Si bien estas secretarias solían tener otros oficios además del de mecanografistas, puede decirse que este último ha desaparecido, al menos en las oficinas de las grandes ciudades. De hecho, todavía pueden verse mecanografistas, por ejemplo, al frente del edificio de Coltabaco (en Cali), del Centro Administrativo Distrital-CAD (en Bogotá) y del Palacio de Justicia (en Manizales).
4. Ascensorista
Hoy en día, los edificios son una cosa común en las ciudades y, con ellos, los ascensores. Pero no siempre fue así. Los edificios altos fueron una rareza hasta hace unas cuantas décadas, y en los de hasta 5 pisos se consideraban suficientes las escaleras.
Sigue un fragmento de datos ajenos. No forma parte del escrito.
lemma block_count_exceeds_bound:
  fixes p \<alpha> :: real and n :: nat
  defines "k \<equiv> nat \<lceil>2 * \<alpha> / p\<rceil>"
  assumes p: "0 < p" "p \<le> 1" and \<alpha>: "1 \<le> \<alpha>" and n: "12 * \<alpha> * (\<alpha> + 2) / p^2 < real n"
  shows "p^2 / 12 * real n / \<alpha> + \<alpha> * real (n div k + k + 2) / real k < real (n div k) * p"
proof -
  define m K where "m = real (n div k)" and "K = real k"
  have "1 \<le> \<alpha> / p" using p \<alpha> by (simp add: field_simps)
  then have K: "2 * \<alpha> / p \<le> K" "K \<le> 3 * \<alpha> / p" "0 < K"
    unfolding K_def k_def by linarith+
  then have "0 < k" by (simp add: K_def)
  then have "n < (n div k + 1) * k"
    by (metis add.commute dividend_less_div_times mult.commute mult_Suc plus_1_eq_Suc)
  then have "real n < (m + 1) * K"
    unfolding m_def K_def by (metis of_nat_1 of_nat_add of_nat_less_iff of_nat_mult)
  then have m: "real n / K - 1 \<le> m" using K(3) by (simp add: field_simps)
  have "\<alpha> / K \<le> p / 2" using K p by (simp add: field_simps)
  then have h1: "\<alpha> * m / K \<le> m * p / 2"
    using mult_left_mono[of "\<alpha> / K" "p / 2" m] unfolding m_def by (simp add: mult.commute)
  have "2 * \<alpha> / K \<le> p" using K p by (simp add: field_simps)
  moreover have "\<alpha> * (K + 2) / K = \<alpha> + 2 * \<alpha> / K" using K(3) by (simp add: field_simps)
  ultimately have h2: "\<alpha> * (K + 2) / K \<le> \<alpha> + 1" using p by linarith
  have "real n / (3 * \<alpha> / p) \<le> real n / K"
    using K p \<alpha> by (intro divide_left_mono) auto
  then have "real n * p / (3 * \<alpha>) \<le> real n / K"
    using p \<alpha> by (simp add: field_simps)
  then have "(real n * p / (3 * \<alpha>) - 1) * p / 2 \<le> m * p / 2"
    using m p by (intro divide_right_mono mult_right_mono) auto
  then have h3: "p^2 * real n / (6 * \<alpha>) - p / 2 \<le> m * p / 2"
    using \<alpha> by (simp add: field_simps power2_eq_square)
  have h4: "\<alpha> + 2 < p^2 * real n / (12 * \<alpha>)"
    using n p \<alpha> by (simp add: field_simps)
  have "\<alpha> * real (n div k + k + 2) / real k = \<alpha> * m / K + \<alpha> * (K + 2) / K"
    unfolding m_def K_def by (simp add: add_divide_distrib[symmetric] algebra_simps)
  moreover have "p^2 / 12 * real n / \<alpha> = p^2 * real n / (12 * \<alpha>)"
    "p^2 * real n / (6 * \<alpha>) = 2 * (p^2 * real n / (12 * \<alpha>))"
    by simp_all
  ultimately show ?thesis
    using h1 h2 h3 h4 p unfolding m_def by linarith
qed

theorem mainTheorem13:
  fixes p :: real
  assumes "0 < p" and "p \<le> 1"
  shows "\<exists>c>0. \<forall>\<alpha>::real. \<alpha> \<ge> 1 \<longrightarrow> (\<exists>N::nat. \<forall>n\<ge>N.
           \<forall>(M::'r measure) (A :: nat \<Rightarrow> (nat \<Rightarrow> nat list) \<Rightarrow> real \<Rightarrow> 'r \<Rightarrow> qalg).
             prob_space M \<and> approx_succeeds M A n \<alpha> p \<longrightarrow>
             (\<exists>d \<pi> f. fl_instance n d \<pi> f \<and>
                \<not> (AE \<omega> in M. real (num_queries (A n \<pi> f \<omega>) d) < c * real n / \<alpha>)))"
proof (intro exI[of _ "p^2 / 12"] conjI allI impI)
  show "0 < p^2 / 12" using assms by simp
  fix \<alpha> :: real assume \<alpha>: "1 \<le> \<alpha>"
  define k where "k = nat \<lceil>2 * \<alpha> / p\<rceil>"
  define D where "D n = \<alpha> * real (n div k + k + 2)" for n
  show "\<exists>N. \<forall>n\<ge>N. \<forall>M (A :: nat \<Rightarrow> (nat \<Rightarrow> nat list) \<Rightarrow> real \<Rightarrow> 'r \<Rightarrow> qalg).
          prob_space M \<and> approx_succeeds M A n \<alpha> p \<longrightarrow> (\<exists>d \<pi> f. fl_instance n d \<pi> f \<and>
            \<not> (AE \<omega> in M. real (num_queries (A n \<pi> f \<omega>) d) < p^2 / 12 * real n / \<alpha>))"
  proof (intro exI[of _ "nat \<lceil>12 * \<alpha> * (\<alpha> + 2) / p^2\<rceil> + 1"] allI impI)
    fix n M and A :: "nat \<Rightarrow> (nat \<Rightarrow> nat list) \<Rightarrow> real \<Rightarrow> 'r \<Rightarrow> qalg"
    assume "nat \<lceil>12 * \<alpha> * (\<alpha> + 2) / p^2\<rceil> + 1 \<le> n" and MA: "prob_space M \<and> approx_succeeds M A n \<alpha> p"
    then have n: "12 * \<alpha> * (\<alpha> + 2) / p^2 < real n" by linarith
    moreover have "0 \<le> 12 * \<alpha> * (\<alpha> + 2) / p^2" using \<alpha> by simp
    ultimately have "0 < n" by (metis of_nat_0_less_iff order_le_less_trans)
    moreover have "0 < k" using assms \<alpha> by (simp add: k_def)
    ultimately have "\<not> (AE \<omega> in M. real (num_queries (A n (block_profile n k) 1 \<omega>)
                  (block_metric n k n (1 / real n) (D n))) < p^2 / 12 * real n / \<alpha>)"
      using approx_succeeds_block_instances_bound[of M A n \<alpha> p k] MA \<alpha>
        block_count_exceeds_bound[OF assms \<alpha> n] unfolding k_def D_def by fastforce
    moreover have "fl_instance n (block_metric n k n (1 / real n) (D n)) (block_profile n k) 1"
      using \<open>0 < n\<close> \<alpha> by (intro fl_instance_block_metric) (auto simp: D_def intro: order_trans[OF _ mult_mono, of _ 1 1])
    ultimately show "\<exists>d \<pi> f. fl_instance n d \<pi> f \<and>
        \<not> (AE \<omega> in M. real (num_queries (A n \<pi> f \<omega>) d) < p^2 / 12 * real n / \<alpha>)"
      by blast
  qed
qed

end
Por esta razón, los ascensores no eran un elemento común ni cotidiano para muchos ciudadanos. Probablemente por el miedo a que los visitantes se quedaran encerrados o manipularan inadecuadamente los botones y los dañaran o desconfiguraran, los ascensoristas no eran una cosa rara. Se trataba de señores o señoras, normalmente sentados en un banquito o parados al lado de este, que preguntaban adónde se dirigían los visitantes y se apresuraban a oprimir los botones de los diferentes pisos, los de abrir y cerrar la puerta y, de ser necesario, el de alarma o llamada. Y, con gran determinación, evitaban que los más curiosos —adultos y niños por igual— hundieran los botones por su cuenta.
5. Asesor de curva
Colombia es un país famoso por su difícil geografía. Todavía hoy, a pesar del avance de las vías 4G, vehículos particulares y de carga comparten espacio en carreteras difíciles, en las que la alta accidentalidad es una preocupación constante de los conductores. Han hecho carrera las quejas de los viajeros por la ausencia de dobles calzadas, incluso en corredores viales de altísimo tráfico vehicular e importancia estratégica para la economía del país, lo que los obliga a aventurarse por carriles estrechos, con alta pendiente, escasa visibilidad y curvas que a veces parecen imposibles.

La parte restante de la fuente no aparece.